PAZ EN COLOMBIA: ¿QUÉ FUE DEL SUEÑO ARMADO?



Toda esperanza por alcanzar la paz, llena de alegría y deslumbra cualquier voluntad para mirarnos una vez más como seres humanos. Uno al lado de los otros, respetándonos y dándonos siempre una oportunidad para abrazarnos, saludarnos como amigos y pensar que podremos contar con alguien cuando así lo necesitemos. La paz es un aire fresco de tranquilidad que nos hace vivir plenamente y, por esto, los históricos acuerdos de paz firmados en Colombia el 26 de septiembre de 2016, no solamente pusieron fin a un largo camino sangriento que duró cincuenta años, sino que hoy día obligan a pensar en lo inútil, demasiado costoso y nihilista que resulta ser la organización de grupos armados para tomar el poder.

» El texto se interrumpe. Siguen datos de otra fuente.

text \<open>A basis \<open>u, v\<close> with \<open>|u|\<^sup>2 = |v|\<^sup>2 = \<mu>\<close> and \<open>|u \<bullet> v| \<le> \<mu>/2\<close> realises the minimum of its
  lattice, because \<open>|p u + q v|\<^sup>2 \<ge> \<mu> (p\<^sup>2 + q\<^sup>2 - |p q|) \<ge> \<mu>\<close> for integers \<open>(p, q) \<noteq> 0\<close>; conversely
  every minimal basis has this shape. Since the squared covolume \<open>det\<^sup>2 = \<mu>\<^sup>2 - (u \<bullet> v)\<^sup>2\<close> is an
  invariant of the lattice, the Gram matrix of a minimal basis is determined up to the sign of
  \<open>u \<bullet> v\<close>. So the angle invariant is \<open>arccos (|u \<bullet> v| / \<mu>)\<close>, and two well-rounded lattices with the
  same angle have proportional Gram matrices after flipping a basis vector, i.e. they are similar.
  The columns of \<open>\<Gamma>\<^sub>\<theta>\<close> have squared length \<open>m\<^sup>2 - mn + n\<^sup>2 = c\<close> and inner product
  \<open>(2m\<^sup>2 - 2mn - n\<^sup>2)/2 = \<plusminus>(b - 2a)/2\<close>, which lies in \<open>[-c/2, c/2]\<close> precisely because
  \<open>n \<le> m \<le> 2n\<close>; the determinant is \<open>n(2m - n)\<surd>3/2 = b\<surd>3/2\<close>.\<close>

section \<open>Planar lattices in coordinates\<close>

lemma vec2_eq_iff: "(x::'a^2) = y \<longleftrightarrow> x $ 1 = y $ 1 \<and> x $ 2 = y $ 2"
  by (simp add: vec_eq_iff forall_2)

Quizás lo más relevante para evaluar un acuerdo de paz sea el análisis de los alcances huecos que implica la lucha armada. ¿Cómo aprecian la paz aquellos que decían jugarse todo con el fin de transformar el mundo? Resulta irónico, casi absurdo, por no decir simplemente necio, escuchar los aplausos de varios ex militantes de la izquierda marxista revolucionaria que gritaban eufóricos para colocarse a favor de los acuerdos de paz, cuando en sus épocas universitarias y adolescentes, se embriagaban con las estrategias del foco guerrillero, obnubilados por la figura del Che que todavía cuelga como una insignia o marca registrada en sus oficinas, supuestamente para rendir culto a un héroe rebelde. El Che jamás habría apoyado la paz en Colombia. Es para morir de risa. Hoy día como ayer, aquellos que defendieron la lucha armada, jamás pensaron en el costo humano y vacío al que conducen los experimentos de un conflicto armado.

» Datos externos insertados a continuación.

(* Let $n,k$ be integers with $1\le k$ and $n\ge k+2$. For real constants $c_0,\dots,c_{n-1}$ and an ordered bid vector $b_1\ge b_2\ge\dots\ge b_n\ge 0$, define for $i=1,\dots,n$ $$r_i=c_0+c_1b_1+\dots+c_{i-1}b_{i-1}+c_ib_{i+1}+\dots+c_{n-1}b_n.$$ Consider the optimization problem: maximize $f$ over $(f,c_0,\dots,c_{n-1})\in\mathbb{R}^{n+1}$ subject to, for every ordered bid vector $b_1\ge\dots\ge b_n\ge 0$: (i) $r_n\ge 0$; (ii) $\sum_{i=1}^n r_i\le k\,b_k$; (iii) $\sum_{i=1}^k r_i\ge f\cdot k\,b_{k+1}$. Then this problem has a unique optimal solution, namely $f^*=\frac{k}{n}$, $c_k^*=\frac{k}{n}$ and $c_i^*=0$ for all $i\ne k$. In particular the optimal worst-case fraction redistributed to the $k$ confirmed users is $k/n$, and the resulting mechanism (R-TFRM) is unique.
   Context: Interpretation: in a block with $n$ included transactions whose bids are $b_1\ge\dots\ge b_n$, the top $k$ are confirmed and each pays $b_{k+1}$ minus the rebate $r_i$; included unconfirmed users pay $-r_i$. Constraint (i) encodes user individual rationality, (ii) an approximate miner individual rationality (total rebate at most $k\,b_k$), and (iii) that at least the fraction $f$ of the VCG payment $k\,b_{k+1}$ is returned to the confirmed users. *)

theory Defs
  imports Main Complex_Main
begin

text \<open>Bids are indexed 1..n (b i for i in {1..n}); constants c are indexed 0..n-1.\<close>

definition ordered_bids :: "nat \<Rightarrow> (nat \<Rightarrow> real) \<Rightarrow> bool" where
  "ordered_bids n b \<longleftrightarrow> (\<forall>i. 1 \<le> i \<and> i < n \<longrightarrow> b i \<ge> b (Suc i)) \<and> b n \<ge> 0"

definition rebate :: "nat \<Rightarrow> (nat \<Rightarrow> real) \<Rightarrow> (nat \<Rightarrow> real) \<Rightarrow> nat \<Rightarrow> real" where
  "rebate n c b i = c 0 + (\<Sum>j\<in>{1..<i}. c j * b j) + (\<Sum>j\<in>{i..<n}. c j * b (Suc j))"

definition feasible :: "nat \<Rightarrow> nat \<Rightarrow> real \<Rightarrow> (nat \<Rightarrow> real) \<Rightarrow> bool" where
  "feasible n k f c \<longleftrightarrow> (\<forall>b. ordered_bids n b \<longrightarrow>
      rebate n c b n \<ge> 0 \<and>
      (\<Sum>i\<in>{1..n}. rebate n c b i) \<le> real k * b k \<and>
      (\<Sum>i\<in>{1..k}. rebate n c b i) \<ge> f * (real k * b (Suc k)))"

definition optimal :: "nat \<Rightarrow> nat \<Rightarrow> real \<Rightarrow> (nat \<Rightarrow> real) \<Rightarrow> bool" where
  "optimal n k f c \<longleftrightarrow> feasible n k f c \<and> (\<forall>f' c'. feasible n k f' c' \<longrightarrow> f' \<le> f)"

end

theory Submission
  imports Defs
begin

text \<open>Write \<open>P m = c 0 + \<dots> + c (m - 1)\<close>. On the step bid vector with \<open>m\<close> ones followed
  by zeros, users \<open>i \<le> m\<close> receive the rebate \<open>P m\<close> and users \<open>i > m\<close> receive \<open>P (m + 1)\<close>,
  so the three constraints become linear conditions on the partial sums:
  \<open>P m \<ge> 0\<close>, \<open>m P m + (n - m) P (m + 1) \<le> k [k \<le> m]\<close> and \<open>P m \<ge> f\<close> for \<open>m > k\<close>.
  The middle condition forces \<open>P m = 0\<close> for \<open>m \<le> k\<close>, and for \<open>k < m < n\<close> it gives
  \<open>n f \<le> m P m + (n - m) P (m + 1) \<le> k\<close>. Hence \<open>f \<le> k / n\<close>, and equality pins
  \<open>P m = k / n\<close> for all \<open>m > k\<close>, i.e. the only nonzero coefficient is \<open>c k = k / n\<close>.
  Conversely this mechanism pays \<open>(k / n) b (k + 1)\<close> to the confirmed users and
  \<open>(k / n) b k\<close> to the others, which satisfies all three constraints.\<close>

definition step_bids :: "nat \<Rightarrow> nat \<Rightarrow> real" where
  "step_bids m j = (if j \<le> m then 1 else 0)"

lemma ordered_bids_step_bids: "ordered_bids n (step_bids m)"
  unfolding ordered_bids_def step_bids_def by auto

lemma ordered_bids_nonneg:
  assumes "ordered_bids n b" "1 \<le> j" "j \<le> n"
  shows "0 \<le> b j"
  using assms(3)
proof (induction j rule: inc_induct)
  case base
  then show ?case using assms(1) by (simp add: ordered_bids_def)
next
  case (step i)
  then have "b (Suc i) \<le> b i"
    using assms(1,2) by (simp add: ordered_bids_def)
  then show ?case using step.IH by linarith
qed

lemma rebate_step_bids:
  assumes "1 \<le> i" "i \<le> n" "m \<le> n"
  shows "rebate n c (step_bids m) i = (if i \<le> m then (\<Sum>j<m. c j) else (\<Sum>j<Suc m. c j))"
proof (cases "i \<le> m")
  case True
  have "(\<Sum>j\<in>{1..<i}. c j * step_bids m j) = (\<Sum>j\<in>{1..<i}. c j)"
    using True by (intro sum.cong) (auto simp: step_bids_def)
  moreover have "(\<Sum>j\<in>{i..<n}. c j * step_bids m (Suc j)) = (\<Sum>j\<in>{i..<n} \<inter> {..<m}. c j)"
    by (auto simp: sum.inter_restrict step_bids_def Suc_le_eq intro!: sum.cong)
  moreover have "{i..<n} \<inter> {..<m} = {i..<m}"
    using assms by auto
  moreover have "c 0 + (\<Sum>j\<in>{1..<i}. c j) + (\<Sum>j\<in>{i..<m}. c j) = (\<Sum>j<m. c j)"
    using True assms by (simp add: sum.atLeastLessThan_concat lessThan_atLeast0 sum.atLeast_Suc_lessThan)
  ultimately show ?thesis using True by (simp add: rebate_def)
next
  case False
  have "(\<Sum>j\<in>{1..<i}. c j * step_bids m j) = (\<Sum>j\<in>{1..<i} \<inter> {..m}. c j)"
    by (auto simp: sum.inter_restrict step_bids_def intro!: sum.cong)
  moreover have "{1..<i} \<inter> {..m} = {1..<Suc m}"
    using False by auto
  moreover have "(\<Sum>j\<in>{i..<n}. c j * step_bids m (Suc j)) = 0"
    using False by (intro sum.neutral) (auto simp: step_bids_def)
  moreover have "c 0 + (\<Sum>j\<in>{1..<Suc m}. c j) = (\<Sum>j<Suc m. c j)"
    by (simp add: lessThan_atLeast0 sum.atLeast_Suc_lessThan)
  ultimately show ?thesis using False by (simp add: rebate_def)
qed

lemma sum_if_le_threshold:
  "(\<Sum>i=1..N. if i \<le> m then x else y) = real (min m N) * x + real (N - m) * (y :: real)"
proof -
  have "{1..N} \<inter> {i. i \<le> m} = {1..min m N}" "{1..N} \<inter> - {i. i \<le> m} = {Suc m..N}"
    by auto
  then show ?thesis by (simp add: sum.If_cases)
qed

lemma weighted_sum_at_lower_bound:
  fixes a b x y f :: "'a :: linordered_field"
  assumes "0 < a" "0 < b" "f \<le> x" "f \<le> y" "a * x + b * y \<le> (a + b) * f"
  shows "x = f \<and> y = f"
proof -
  have "0 \<le> a * (x - f)" "0 \<le> b * (y - f)"
    using assms by simp_all
  moreover have "a * (x - f) + b * (y - f) \<le> 0"
    using assms(5) by (simp add: algebra_simps)
  ultimately have "a * (x - f) = 0" "b * (y - f) = 0"
    by linarith+
  then show ?thesis
    using assms(1,2) by simp
qed

lemma feasible_step_bids:
  assumes feas: "feasible n k f c" and "m \<le> n"
  shows "m < n \<Longrightarrow> 0 \<le> (\<Sum>j<Suc m. c j)"
    and "real m * (\<Sum>j<m. c j) + real (n - m) * (\<Sum>j<Suc m. c j) \<le> (if k \<le> m then real k else 0)"
    and "k < m \<Longrightarrow> f * real k \<le> real k * (\<Sum>j<m. c j)"
proof -
  let ?r = "\<lambda>i. if i \<le> m then (\<Sum>j<m. c j) else (\<Sum>j<Suc m. c j)"
  have r: "rebate n c (step_bids m) i = ?r i" if "i \<in> {1..n}" for i
    using that \<open>m \<le> n\<close> by (simp add: rebate_step_bids)
  have F: "0 \<le> rebate n c (step_bids m) n"
    "(\<Sum>i=1..n. rebate n c (step_bids m) i) \<le> real k * step_bids m k"
    "f * (real k * step_bids m (Suc k)) \<le> (\<Sum>i=1..k. rebate n c (step_bids m) i)"
    using feas ordered_bids_step_bids unfolding feasible_def by blast+
  show "m < n \<Longrightarrow> 0 \<le> (\<Sum>j<Suc m. c j)"
    using F(1) r[of n] by simp
  have "(\<Sum>i=1..n. rebate n c (step_bids m) i) = (\<Sum>i=1..n. ?r i)"
    using r by (intro sum.cong) auto
  also have "\<dots> = real m * (\<Sum>j<m. c j) + real (n - m) * (\<Sum>j<Suc m. c j)"
    using \<open>m \<le> n\<close> by (simp only: sum_if_le_threshold min_absorb1)
  finally show "real m * (\<Sum>j<m. c j) + real (n - m) * (\<Sum>j<Suc m. c j) \<le> (if k \<le> m then real k else 0)"
    using F(2) by (auto simp: step_bids_def)
  assume "k < m"
  then have "(\<Sum>i=1..k. rebate n c (step_bids m) i) = (\<Sum>i=1..k. ?r i)"
    using r \<open>m \<le> n\<close> by (intro sum.cong) auto
  also have "\<dots> = real k * (\<Sum>j<m. c j)"
    using \<open>k < m\<close> by (simp only: sum_if_le_threshold min_absorb2 less_imp_le)
  finally show "f * real k \<le> real k * (\<Sum>j<m. c j)"
    using F(3) \<open>k < m\<close> by (simp add: step_bids_def)
qed

lemma feasible_partial_sum_nonneg:
  assumes "feasible n k f c" "m \<le> n"
  shows "0 \<le> (\<Sum>j<m. c j)"
proof (cases m)
  case (Suc m')
  then show ?thesis using feasible_step_bids(1)[OF assms(1), of m'] assms(2) by simp
qed simp

lemma feasible_partial_sum_zero:
  assumes feas: "feasible n k f c" and "k < n" "m \<le> k"
  shows "(\<Sum>j<m. c j) = 0"
proof (cases m)
  case (Suc m')
  have "real m' * (\<Sum>j<m'. c j) + real (n - m') * (\<Sum>j<m. c j) \<le> 0"
    using feasible_step_bids(2)[OF feas, of m'] Suc assms by simp
  moreover have "0 \<le> real m' * (\<Sum>j<m'. c j)"
    using feasible_partial_sum_nonneg[OF feas, of m'] Suc assms by simp
  ultimately have "real (n - m') * (\<Sum>j<m. c j) \<le> 0"
    by linarith
  moreover have "0 < real (n - m')"
    using Suc assms by simp
  ultimately have "(\<Sum>j<m. c j) \<le> 0"
    by (simp add: mult_le_0_iff)
  then show ?thesis
    using feasible_partial_sum_nonneg[OF feas, of m] assms by simp
qed simp

lemma feasible_partial_sum_ge:
  assumes "feasible n k f c" "1 \<le> k" "k < m" "m \<le> n"
  shows "f \<le> (\<Sum>j<m. c j)"
  using feasible_step_bids(3)[OF assms(1,4,3)] assms(2) by simp

lemma feasible_ratio_le:
  assumes feas: "feasible n k f c" and "1 \<le> k" "k + 2 \<le> n"
  shows "f \<le> real k / real n"
proof -
  have "real (Suc k) * (\<Sum>j<Suc k. c j) + real (n - Suc k) * (\<Sum>j<Suc (Suc k). c j) \<le> real k"
    using feasible_step_bids(2)[OF feas, of "Suc k"] assms by simp
  moreover have "real (Suc k) * f \<le> real (Suc k) * (\<Sum>j<Suc k. c j)"
    using feasible_partial_sum_ge[OF feas, of "Suc k"] assms by simp
  moreover have "real (n - Suc k) * f \<le> real (n - Suc k) * (\<Sum>j<Suc (Suc k). c j)"
    using feasible_partial_sum_ge[OF feas, of "Suc (Suc k)"] assms by (simp add: mult_left_mono)
  moreover have "real n * f = real (Suc k) * f + real (n - Suc k) * f"
    using assms by (simp add: of_nat_diff algebra_simps)
  ultimately have "real n * f \<le> real k"
    by linarith
  then show ?thesis
    using assms by (simp add: field_simps)
qed

lemma feasible_partial_sum_eq:
  assumes feas: "feasible n k f c" and "1 \<le> k" "k + 2 \<le> n" and f: "f = real k / real n"
    and "k < m" "m \<le> n"
  shows "(\<Sum>j<m. c j) = f"
proof -
  have tight: "(\<Sum>j<m'. c j) = f \<and> (\<Sum>j<Suc m'. c j) = f" if "k < m'" "m' < n" for m'
  proof (rule weighted_sum_at_lower_bound)
    show "f \<le> (\<Sum>j<m'. c j)" "f \<le> (\<Sum>j<Suc m'. c j)"
      using that by (intro feasible_partial_sum_ge[OF feas \<open>1 \<le> k\<close>]; simp)+
    show "0 < real m'" "0 < real (n - m')"
      using that by simp_all
    have "real m' + real (n - m') = real n"
      using that by simp
    then show "real m' * (\<Sum>j<m'. c j) + real (n - m') * (\<Sum>j<Suc m'. c j)
        \<le> (real m' + real (n - m')) * f"
      using feasible_step_bids(2)[OF feas, of m'] that assms by simp
  qed
  show ?thesis
  proof (cases "m < n")
    case True
    then show ?thesis using tight[of m] assms by simp
  next
    case False
    then show ?thesis using tight[of "n - 1"] assms by simp
  qed
qed

lemma feasible_ratio_eq_coeffs:
  assumes feas: "feasible n k (real k / real n) c" and "1 \<le> k" "k + 2 \<le> n" "i < n"
  shows "c i = (if i = k then real k / real n else 0)"
proof -
  have partial_sum: "(\<Sum>j<m. c j) = (if m \<le> k then 0 else real k / real n)" if "m \<le> n" for m
    using feasible_partial_sum_zero[OF feas] feasible_partial_sum_eq[OF feas] assms that by simp
  show ?thesis
    using partial_sum[of i] partial_sum[of "Suc i"] assms by (cases i k rule: linorder_cases) auto
qed

lemma feasible_proportional_rebate:
  assumes "1 \<le> k" "k < n" and c: "\<forall>i<n. c i = (if i = k then real k / real n else 0)"
  shows "feasible n k (real k / real n) c"
  unfolding feasible_def
proof (intro allI impI)
  fix b assume ob: "ordered_bids n b"
  let ?q = "real k / real n"
  let ?r = "\<lambda>i. if i \<le> k then ?q * b (Suc k) else ?q * b k"
  have r: "rebate n c b i = ?r i" if "i \<in> {1..n}" for i
  proof -
    have "(\<Sum>j\<in>{1..<i}. c j * b j) = (\<Sum>j\<in>{1..<i}. if j = k then ?q * b k else 0)"
      using c that by (intro sum.cong) auto
    moreover have "(\<Sum>j\<in>{i..<n}. c j * b (Suc j)) = (\<Sum>j\<in>{i..<n}. if j = k then ?q * b (Suc k) else 0)"
      using c by (intro sum.cong) auto
    moreover have "c 0 = 0"
      using c assms by simp
    ultimately show ?thesis
      using assms that by (simp add: rebate_def sum.delta)
  qed
  have "0 \<le> b k" "b (Suc k) \<le> b k"
    using ordered_bids_nonneg[OF ob] ob assms by (auto simp: ordered_bids_def)
  have "(\<Sum>i=1..n. rebate n c b i) = (\<Sum>i=1..n. ?r i)"
    using r by (intro sum.cong) auto
  also have "\<dots> = real k * (?q * b (Suc k)) + real (n - k) * (?q * b k)"
    using \<open>k < n\<close> by (simp only: sum_if_le_threshold min_absorb1 less_imp_le)
  also have "\<dots> \<le> real k * (?q * b k) + real (n - k) * (?q * b k)"
    using \<open>b (Suc k) \<le> b k\<close> by (intro add_right_mono mult_left_mono) simp_all
  also have "\<dots> = real k * b k"
    using assms by (simp add: field_simps of_nat_diff)
  finally have "(\<Sum>i=1..n. rebate n c b i) \<le> real k * b k" .
  moreover have "(\<Sum>i=1..k. rebate n c b i) = (\<Sum>i=1..k. ?r i)"
    using r assms by (intro sum.cong) auto
  moreover have "(\<Sum>i=1..k. ?r i) = ?q * (real k * b (Suc k))"
    by (simp only: sum_if_le_threshold min.idem diff_self_eq_0) simp
  moreover have "0 \<le> rebate n c b n"
    using r[of n] \<open>0 \<le> b k\<close> assms by simp
  ultimately show "0 \<le> rebate n c b n \<and> (\<Sum>i=1..n. rebate n c b i) \<le> real k * b k \<and>
      ?q * (real k * b (Suc k)) \<le> (\<Sum>i=1..k. rebate n c b i)"
    by simp
qed

theorem theorem4:
  fixes n k :: nat and f :: real and c :: "nat \<Rightarrow> real"
  assumes "1 \<le> k" and "k + 2 \<le> n"
  shows "optimal n k f c \<longleftrightarrow>
           (f = real k / real n \<and> (\<forall>i<n. c i = (if i = k then real k / real n else 0)))"
proof
  assume opt: "optimal n k f c"
  then have feas: "feasible n k f c"
    by (simp add: optimal_def)
  have "feasible n k (real k / real n) (\<lambda>i. if i = k then real k / real n else 0)"
    using assms by (intro feasible_proportional_rebate) simp_all
  then have "f = real k / real n"
    using opt feasible_ratio_le[OF feas assms] unfolding optimal_def by (meson order_antisym)
  then show "f = real k / real n \<and> (\<forall>i<n. c i = (if i = k then real k / real n else 0))"
    using feasible_ratio_eq_coeffs[of n k c] feas assms by simp
next
  assume "f = real k / real n \<and> (\<forall>i<n. c i = (if i = k then real k / real n else 0))"
  then show "optimal n k f c"
    using feasible_proportional_rebate[of k n c] feasible_ratio_le assms
    unfolding optimal_def by simp
qed

end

También están aquellos hombrecillos de convicciones débiles, mediocres o seguidores de ovejas. Si el viento soplaba hacia la izquierda y se podía ganar alguna ventajilla sin estar plenamente esclarecido sobre mayores esfuerzos, aplaudían también la propuesta de impulsar la revolución violenta, aunque se hubieran orinado de pánico en sus pantalones al ver un agota de su propia sangre. ¿Qué pueden decir con argumentos claros, ideas sensatas y conducta ética los revolucionarios de papel, a sus hijos en este siglo XXI sobre el papel de la lucha armada? Quizás junto a unas cervezas, buena comida, un cigarro y la tranquilidad del hogar, podrían expresar que “no vale la pena”. Todo fue sólo pose o impulsividad irresponsable pero con consecuencias nefastas.

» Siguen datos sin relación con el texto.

lemma cell_box_mem_box_union_iff:
  assumes c: "\<And>j. interval_partition_on UNIV (c j)"
    and lo: "\<And>\<beta> j. \<beta> \<in> L \<Longrightarrow> cut_on UNIV (c j) (lo \<beta> j)"
    and hi: "\<And>\<beta> j. \<beta> \<in> L \<Longrightarrow> cut_on UNIV (c j) (hi \<beta> j)"
    and z: "z \<in> cell_box c x"
  shows "z \<in> (\<Union>\<beta>\<in>L. {y. \<forall>j. lo \<beta> j \<le> y $ j \<and> y $ j < hi \<beta> j}) \<longleftrightarrow>
         x \<in> (\<Union>\<beta>\<in>L. {y. \<forall>j. lo \<beta> j \<le> y $ j \<and> y $ j < hi \<beta> j})"
proof -
  have "lo \<beta> j \<le> z $ j \<and> z $ j < hi \<beta> j \<longleftrightarrow> lo \<beta> j \<le> x $ j \<and> x $ j < hi \<beta> j"
    if "\<beta> \<in> L" for \<beta> j
    using cut_on_mem_iff[OF c lo[OF that] hi[OF that]] z by (simp add: mem_cell_box_iff)
  then show ?thesis by blast
qed

lemma tiled_by_almost_k_boxesI:
  assumes self: "\<And>x. x \<in> S \<Longrightarrow> x \<in> Q x"
    and sub: "\<And>x. x \<in> S \<Longrightarrow> Q x \<subseteq> S"
    and eq: "\<And>x z. x \<in> S \<Longrightarrow> z \<in> Q x \<Longrightarrow> Q z = Q x"
    and box: "\<And>x. x \<in> S \<Longrightarrow> almost_k_box k (Q x)"
  shows "tiled_by_almost_k_boxes k S"
  unfolding tiled_by_almost_k_boxes_def
proof (intro exI conjI)
  show "\<forall>P\<in>Q ` S. almost_k_box k P" using box by blast
  show "pairwise disjnt (Q ` S)"
  proof (rule pairwiseI, clarsimp)
    fix x y assume x: "x \<in> S" and y: "y \<in> S" and "Q x \<noteq> Q y"
    have "z \<notin> Q y" if "z \<in> Q x" for z
    proof
      assume "z \<in> Q y"
      then have "Q z = Q y" using eq[OF y] by blast
      moreover have "Q z = Q x" using eq[OF x] that by blast
      ultimately show False using \<open>Q x \<noteq> Q y\<close> by simp
    qed
    then show "disjnt (Q x) (Q y)" by (auto simp: disjnt_def)
  qed
  show "\<Union> (Q ` S) = S" using self sub by blast
qed

lemma tiled_by_almost_k_boxes_UN:
  assumes "disjoint_family_on S I" "\<And>i. i \<in> I \<Longrightarrow> tiled_by_almost_k_boxes k (S i)"
  shows "tiled_by_almost_k_boxes k (\<Union>i\<in>I. S i)"
proof -
  obtain T where T: "\<And>i. i \<in> I \<Longrightarrow> (\<forall>P\<in>T i. almost_k_box k P) \<and> disjoint (T i) \<and> \<Union> (T i) = S i"
    using assms(2) unfolding tiled_by_almost_k_boxes_def by metis
  have "\<forall>P\<in>\<Union> (T ` I). almost_k_box k P" using T by blast
  moreover have "disjoint_family_on (\<lambda>i. \<Union> (T i)) I"
    using assms(1) T by (simp add: disjoint_family_on_def)
  then have "disjoint (\<Union> (T ` I))" using T by (intro disjoint_UN) auto
  moreover have "\<Union> (\<Union> (T ` I)) = (\<Union>i\<in>I. S i)"
  proof -
    have "\<Union> (\<Union> (T ` I)) = (\<Union>i\<in>I. \<Union> (T i))" by blast
    also have "\<dots> = (\<Union>i\<in>I. S i)" by (rule SUP_cong) (use T in auto)
    finally show ?thesis .
  qed
  ultimately show ?thesis
    unfolding tiled_by_almost_k_boxes_def by (intro exI[of _ "\<Union> (T ` I)"] conjI)
qed

lemma decseq_Diff_eq_UN:
  fixes H :: "nat \<Rightarrow> 'a set"
  assumes "decseq H"
  shows "H 0 - H n = (\<Union>u<n. H u - H (Suc u))"
proof (induction n)
  case (Suc n)
  have "H (Suc n) \<subseteq> H n" "H n \<subseteq> H 0" using decseqD[OF assms] by auto
  then have "H 0 - H (Suc n) = (H 0 - H n) \<union> (H n - H (Suc n))" by blast
  then show ?case using Suc.IH by (simp add: lessThan_Suc Un_commute)
qed simp

lemma disjoint_family_decseq_Diff:
  fixes H :: "nat \<Rightarrow> 'a set"
  assumes "decseq H"
  shows "disjoint_family (\<lambda>u. H u - H (Suc u))"
  using disjoint_family_Suc[of "\<lambda>u. - H u"] decseqD[OF assms] by (simp add: Diff_eq Int_commute)

section \<open>The layers between A and B\<close>

locale box_layers =
  fixes N k :: int and L :: "(int ^ 'd) set" and \<gamma> :: "int ^ 'd" and f :: "'d \<Rightarrow> nat"
  assumes N: "7 \<le> N" and k: "0 < k"
    and L: "\<forall>\<beta>\<in>L. \<forall>i. N * k dvd \<beta> $ i"
    and \<gamma>: "\<forall>i. 0 \<le> \<gamma> $ i \<and> \<gamma> $ i < k"
    and inj_f: "inj f"
begin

Desde el entrenamiento militar, la disciplina corporal para aguantar una campaña militar, hasta la necesaria transformación de la conciencia que se anime a matar, asesinar e inmolarse por razones tácticas o ideológicas que liquiden al enemigo, el tipo de persona que enaltece la lucha armada es un ser subnormal. Declarar la guerra, sabiendo que todo engloba un sacrificio de dudosa recompensa espiritual o ética, es una decisión delincuencial. En algún momento, un conjunto de recompensas materiales atrajo al grupo armado, pero no satisficieron el aliciente inicial que, aparentemente, era el fundamento de la revolución: la transformación social, económica, cultural y política que otorgue una verdadera emancipación.

La guerra es un campo de batalla donde se vive o muere. ¿Realmente un ser humano que se precie de tal puede ver en las armas, la violencia y la sangre, una ventana hacia diferentes formas de liberación? De ninguna manera. Las armas son instrumentos de mal agüero cuando son utilizadas a tontas y a locas. Por lo tanto, la guerra o revolución armada es un asunto tenebroso y da miedo pensar que haya hombres y mujeres que puedan apoyarla sin reflexionar sobre el sufrimiento, la muerte, la extorsión, las heridas del alma, los lisiados, la venganza y, en fin, un abanico de sinsentidos que jamás justificarán el logro de resultados positivos.

La lucha armada degenerará siempre en delincuencia y traición de los principios o valores revolucionarios, puesto que el instinto de autodestrucción y supervivencia en cualquier empeño violento, hará que predomine la fiereza. Las Fuerzas Armadas Revolucionarias de Colombia (FARC) financiaron su larga lucha insulsa con el narcotráfico, el secuestro, los crímenes de lesa humanidad que cometieron y, por último, se quedaron en la puerta del baño: no tomaron el poder porque sencillamente no podrían conducir un Estado donde se requiere una legitimidad popular que no descansa en las armas.


Los acuerdos de paz enseñan que todo revolucionario es un ser primitivo. Un pobre tipo que debe avergonzarse por no haber muerto glorificado al buscar el comunismo y, asimismo, tendría que abochornarse al contentarse con pegar la imagen del Che en una época donde su propia hipocresía ideológica le hace ver que la lucha armada fue una completa estupidez.